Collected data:
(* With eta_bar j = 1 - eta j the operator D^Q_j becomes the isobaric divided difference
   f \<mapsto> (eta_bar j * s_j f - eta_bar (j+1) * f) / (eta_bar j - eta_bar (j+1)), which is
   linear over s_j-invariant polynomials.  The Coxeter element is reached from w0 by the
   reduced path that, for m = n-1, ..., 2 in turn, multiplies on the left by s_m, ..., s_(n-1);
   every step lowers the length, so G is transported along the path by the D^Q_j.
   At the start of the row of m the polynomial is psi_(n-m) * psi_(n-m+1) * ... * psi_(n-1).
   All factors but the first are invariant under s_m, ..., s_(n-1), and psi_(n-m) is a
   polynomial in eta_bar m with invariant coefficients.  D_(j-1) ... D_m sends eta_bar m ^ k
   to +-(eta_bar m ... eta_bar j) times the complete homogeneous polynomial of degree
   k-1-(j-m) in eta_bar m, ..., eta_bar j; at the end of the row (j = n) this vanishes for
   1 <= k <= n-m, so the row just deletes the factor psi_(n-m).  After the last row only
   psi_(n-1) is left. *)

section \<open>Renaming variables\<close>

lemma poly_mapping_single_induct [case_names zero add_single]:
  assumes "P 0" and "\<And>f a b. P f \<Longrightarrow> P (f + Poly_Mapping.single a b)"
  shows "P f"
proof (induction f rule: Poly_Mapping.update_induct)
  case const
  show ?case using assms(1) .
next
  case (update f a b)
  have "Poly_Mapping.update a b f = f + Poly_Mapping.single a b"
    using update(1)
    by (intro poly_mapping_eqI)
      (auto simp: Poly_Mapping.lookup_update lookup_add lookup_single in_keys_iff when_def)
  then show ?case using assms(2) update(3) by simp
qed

Problem description >>
The data must be duplicated exactly, with nothing left out.

Answer space >>
(* With eta_bar j = 1 - eta j the operator D^Q_j becomes the isobaric divided difference
   f \<mapsto> (eta_bar j * s_j f - eta_bar (j+1) * f) / (eta_bar j - eta_bar (j+1)), which is
   linear over s_j-invariant polynomials.  The Coxeter element is reached from w0 by the
   reduced path that, for m = n-1, ..., 2 in turn, multiplies on the left by s_m, ..., s_(n-1);
   every step lowers the length, so G is transported along the path by the D^Q_j.
   At the start of the row of m the polynomial is psi_(n-m) * psi_(n-m+1) * ... * psi_(n-1).
   All factors but the first are invariant under s_m, ..., s_(n-1), and psi_(n-m) is a
   polynomial in eta_bar m with invariant coefficients.  D_(j-1) ... D_m sends eta_bar m ^ k
   to +-(eta_bar m ... eta_bar j) times the complete homogeneous polynomial of degree
   k-1-(j-m) in eta_bar m, ..., eta_bar j; at the end of the row (j = n) this vanishes for
   1 <= k <= n-m, so the row just deletes the factor psi_(n-m).  After the last row only
   psi_(n-1) is left. *)

section \<open>Renaming variables\<close>

lemma poly_mapping_single_induct [case_names zero add_single]:
  assumes "P 0" and "\<And>f a b. P f \<Longrightarrow> P (f + Poly_Mapping.single a b)"
  shows "P f"
proof (induction f rule: Poly_Mapping.update_induct)
  case const
  show ?case using assms(1) .
next
  case (update f a b)
  have "Poly_Mapping.update a b f = f + Poly_Mapping.single a b"
    using update(1)
    by (intro poly_mapping_eqI)
      (auto simp: Poly_Mapping.lookup_update lookup_add lookup_single in_keys_iff when_def)
  then show ?case using assms(2) update(3) by simp
qed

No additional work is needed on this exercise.